Assignment. Please report, as a single number, how many lines in the entries include the string "beta".

Records provided.
>>>>>
lemma num_divisors_mult:
  fixes a b :: nat
  assumes "coprime a b"
  shows "num_divisors (a * b) = num_divisors a * num_divisors b"
proof -
  let ?D = "\<lambda>n :: nat. {d. d dvd n \<and> d > 0}"
  have "bij_betw (\<lambda>(x, y). x * y) (?D a \<times> ?D b) (?D (a * b))"
  proof (rule bij_betwI')
    fix p q
    assume "p \<in> ?D a \<times> ?D b" "q \<in> ?D a \<times> ?D b"
    then obtain x y x' y' where "p = (x, y)" "q = (x', y')"
      and "x dvd a" "y dvd b" "x' dvd a" "y' dvd b" "x' > 0"
      by auto
    moreover have "x = x' \<and> y = y'" if "x * y = x' * y'"
    proof -
      have "coprime b a"
        using assms by (simp add: coprime_commute)
      have "x = gcd (x * y) a" "x' = gcd (x' * y') a"
        using gcd_mult_divisor_coprime[OF assms] \<open>x dvd a\<close> \<open>y dvd b\<close> \<open>x' dvd a\<close> \<open>y' dvd b\<close>
        by simp_all
      moreover have "y = gcd (y * x) b" "y' = gcd (y' * x') b"
        using gcd_mult_divisor_coprime[OF \<open>coprime b a\<close>] \<open>x dvd a\<close> \<open>y dvd b\<close> \<open>x' dvd a\<close> \<open>y' dvd b\<close>
        by simp_all
      ultimately show ?thesis
        using that \<open>x' > 0\<close> by (simp add: mult.commute)
    qed
    ultimately show "((\<lambda>(x, y). x * y) p = (\<lambda>(x, y). x * y) q) = (p = q)"
      by auto
  next
    show "(\<lambda>(x, y). x * y) p \<in> ?D (a * b)" if "p \<in> ?D a \<times> ?D b" for p
      using that by (auto intro: mult_dvd_mono)
  next
    fix d
    assume "d \<in> ?D (a * b)"
    then obtain x y where "d = x * y" "x dvd a" "y dvd b" "d > 0"
      by (auto elim: dvd_productE)
    then show "\<exists>p \<in> ?D a \<times> ?D b. d = (\<lambda>(x, y). x * y) p"
      by (intro bexI[of _ "(x, y)"]) auto
  qed
  then have "card (?D a \<times> ?D b) = card (?D (a * b))"
    by (rule bij_betw_same_card)
  then show ?thesis
    by (simp add: num_divisors_def card_cartesian_product)
qed

lemma num_divisors_eq_card_dvd: "n > 0 \<Longrightarrow> num_divisors n = card {d. d dvd n}"
  unfolding num_divisors_def by (rule arg_cong[where f = card]) (auto intro: dvd_pos_nat)

lemma odd_divisors_two_power_mult:
  fixes \<beta> u :: nat
  assumes "odd \<beta>"
  shows "{c. c dvd 2 ^ u * \<beta> \<and> odd c} = {c. c dvd \<beta>}"
proof (intro equalityI subsetI; clarify)
  fix c
  assume "c dvd 2 ^ u * \<beta>" "odd c"
  moreover have "coprime c (2 ^ u)"
    using \<open>odd c\<close> by simp
  ultimately show "c dvd \<beta>"
    using coprime_dvd_mult_right_iff by blast
next
  fix c
  assume "c dvd \<beta>"
  then show "c dvd 2 ^ u * \<beta> \<and> odd c"
    using assms by (auto dest: dvd_trans)
qed

lemma card_divisors_parity_split:
  fixes n :: nat
  assumes "n > 0"
  shows "card {d. d dvd n} = card {d. d dvd n \<and> even d} + card {d. d dvd n \<and> odd d}"
proof -
  have "finite {d. d dvd n \<and> P d}" for P
    using assms by (auto intro: finite_subset[OF _ finite_divisors_nat])
  then have "card ({d. d dvd n \<and> even d} \<union> {d. d dvd n \<and> odd d})
               = card {d. d dvd n \<and> even d} + card {d. d dvd n \<and> odd d}"
    by (intro card_Un_disjoint) auto
  moreover have "{d. d dvd n \<and> even d} \<union> {d. d dvd n \<and> odd d} = {d. d dvd n}"
    by auto
  ultimately show ?thesis
    by simp
qed

lemma dihedral_sdp_mult:
  "(i, j) \<otimes>\<^bsub>dihedral_sdp m \<alpha>\<^esub> (k, l)
     = ((i + (if even j then k else (m - k) mod m)) mod m, (j + l) mod \<alpha>)"
  by (simp add: dihedral_sdp_def)

lemma dihedral_sdp_one: "\<one>\<^bsub>dihedral_sdp m \<alpha>\<^esub> = (0, 0)"
  by (simp add: dihedral_sdp_def)

lemma carrier_dihedral_sdp: "carrier (dihedral_sdp m \<alpha>) = {0..<m} \<times> {0..<\<alpha>}"
  by (simp add: dihedral_sdp_def)

lemma order_dihedral_sdp: "order (dihedral_sdp m \<alpha>) = m * \<alpha>"
  by (simp add: order_def carrier_dihedral_sdp card_cartesian_product)

text \<open>Read in \<int>/m, the first coordinate of a product is i + (-1)^j k; this turns
  associativity into a ring identity.\<close>

lemma int_fst_dihedral_sdp_mult:
  assumes "k < m"
  shows "int (fst ((i, j) \<otimes>\<^bsub>dihedral_sdp m \<alpha>\<^esub> (k, l))) = (int i + (-1) ^ j * int k) mod int m"
proof (cases "even j")
  case True
  then show ?thesis by (simp add: dihedral_sdp_mult zmod_int)
next
  case False
  have "int ((i + (m - k) mod m) mod m) = (int i + (int m - int k) mod int m) mod int m"
    using assms by (simp add: zmod_int of_nat_diff)
  also have "\<dots> = (int i - int k) mod int m"
    by (simp add: mod_simps)
  finally show ?thesis using False by (simp add: dihedral_sdp_mult)
qed

lemma minus_one_power_mod_even: "even n \<Longrightarrow> (-1 :: int) ^ (j mod n) = (-1) ^ j"
  by (simp add: minus_one_power_iff dvd_mod_iff)

lemma dihedral_sdp_left_inverse:
  assumes "even \<alpha>" "i < m" "j < \<alpha>"
  shows "(if even j then (m - i) mod m else i, (\<alpha> - j) mod \<alpha>) \<otimes>\<^bsub>dihedral_sdp m \<alpha>\<^esub> (i, j) = (0, 0)"
    (is "?y \<otimes>\<^bsub>_\<^esub> _ = _")
proof -
  have "even ((\<alpha> - j) mod \<alpha>) \<longleftrightarrow> even j"
    using assms by (simp add: dvd_mod_iff)
  then have "int (fst (?y \<otimes>\<^bsub>dihedral_sdp m \<alpha>\<^esub> (i, j))) = (int (fst ?y) + (-1) ^ j * int i) mod int m"
    using int_fst_dihedral_sdp_mult[OF \<open>i < m\<close>, where i = "fst ?y" and j = "snd ?y" and \<alpha> = \<alpha> and l = j]
    by (simp add: minus_one_power_iff)
  also have "\<dots> = 0"
    using \<open>i < m\<close> by (auto simp: zmod_int of_nat_diff mod_simps)
  finally show ?thesis
    using \<open>j < \<alpha>\<close> by (simp add: prod_eq_iff dihedral_sdp_mult mod_simps)
qed

lemma dihedral_sdp_assoc:
  assumes "even \<alpha>" "k < m" "p < m"
  shows "(i, j) \<otimes>\<^bsub>dihedral_sdp m \<alpha>\<^esub> (k, l) \<otimes>\<^bsub>dihedral_sdp m \<alpha>\<^esub> (p, q)
           = (i, j) \<otimes>\<^bsub>dihedral_sdp m \<alpha>\<^esub> ((k, l) \<otimes>\<^bsub>dihedral_sdp m \<alpha>\<^esub> (p, q))"
proof -
  let ?G = "dihedral_sdp m \<alpha>"
  obtain a b where ab: "(i, j) \<otimes>\<^bsub>?G\<^esub> (k, l) = (a, b)" by fastforce
  obtain c d where cd: "(k, l) \<otimes>\<^bsub>?G\<^esub> (p, q) = (c, d)" by fastforce
  have a: "int a = (int i + (-1) ^ j * int k) mod int m" and b: "b = (j + l) mod \<alpha>"
    using int_fst_dihedral_sdp_mult[OF \<open>k < m\<close>, where i = i and j = j and \<alpha> = \<alpha> and l = l] ab
    by (simp_all add: dihedral_sdp_mult)
  have c: "int c = (int k + (-1) ^ l * int p) mod int m" and d: "d = (l + q) mod \<alpha>"
    using int_fst_dihedral_sdp_mult[OF \<open>p < m\<close>, where i = k and j = l and \<alpha> = \<alpha> and l = q] cd
    by (simp_all add: dihedral_sdp_mult)
  have "c < m"
    using cd \<open>k < m\<close> by (auto simp: dihedral_sdp_mult)
  have "int (fst ((a, b) \<otimes>\<^bsub>?G\<^esub> (p, q)))
          = (int i + (-1) ^ j * int k + (-1) ^ j * (-1) ^ l * int p) mod int m"
    using int_fst_dihedral_sdp_mult[OF \<open>p < m\<close>, where i = a and j = b and \<alpha> = \<alpha> and l = q] a b \<open>even \<alpha>\<close>
    by (simp add: minus_one_power_mod_even power_add mod_simps)
  also have "\<dots> = (int i + (-1) ^ j * (int k + (-1) ^ l * int p)) mod int m"
    by (simp add: algebra_simps)
  also have "\<dots> = (int i + (-1) ^ j * ((int k + (-1) ^ l * int p) mod int m)) mod int m"
    by (metis mod_add_right_eq mod_mult_right_eq)
  also have "\<dots> = int (fst ((i, j) \<otimes>\<^bsub>?G\<^esub> (c, d)))"
    using int_fst_dihedral_sdp_mult[OF \<open>c < m\<close>, where i = i and j = j and \<alpha> = \<alpha> and l = d] c
    by simp
  finally have "fst ((a, b) \<otimes>\<^bsub>?G\<^esub> (p, q)) = fst ((i, j) \<otimes>\<^bsub>?G\<^esub> (c, d))"
    by (simp only: of_nat_eq_iff)
  moreover have "snd ((a, b) \<otimes>\<^bsub>?G\<^esub> (p, q)) = snd ((i, j) \<otimes>\<^bsub>?G\<^esub> (c, d))"
    using b d by (simp add: dihedral_sdp_mult mod_simps add.assoc)
  ultimately show ?thesis
    by (simp add: ab cd prod_eq_iff)
qed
<<<<<
Exercise answer. 7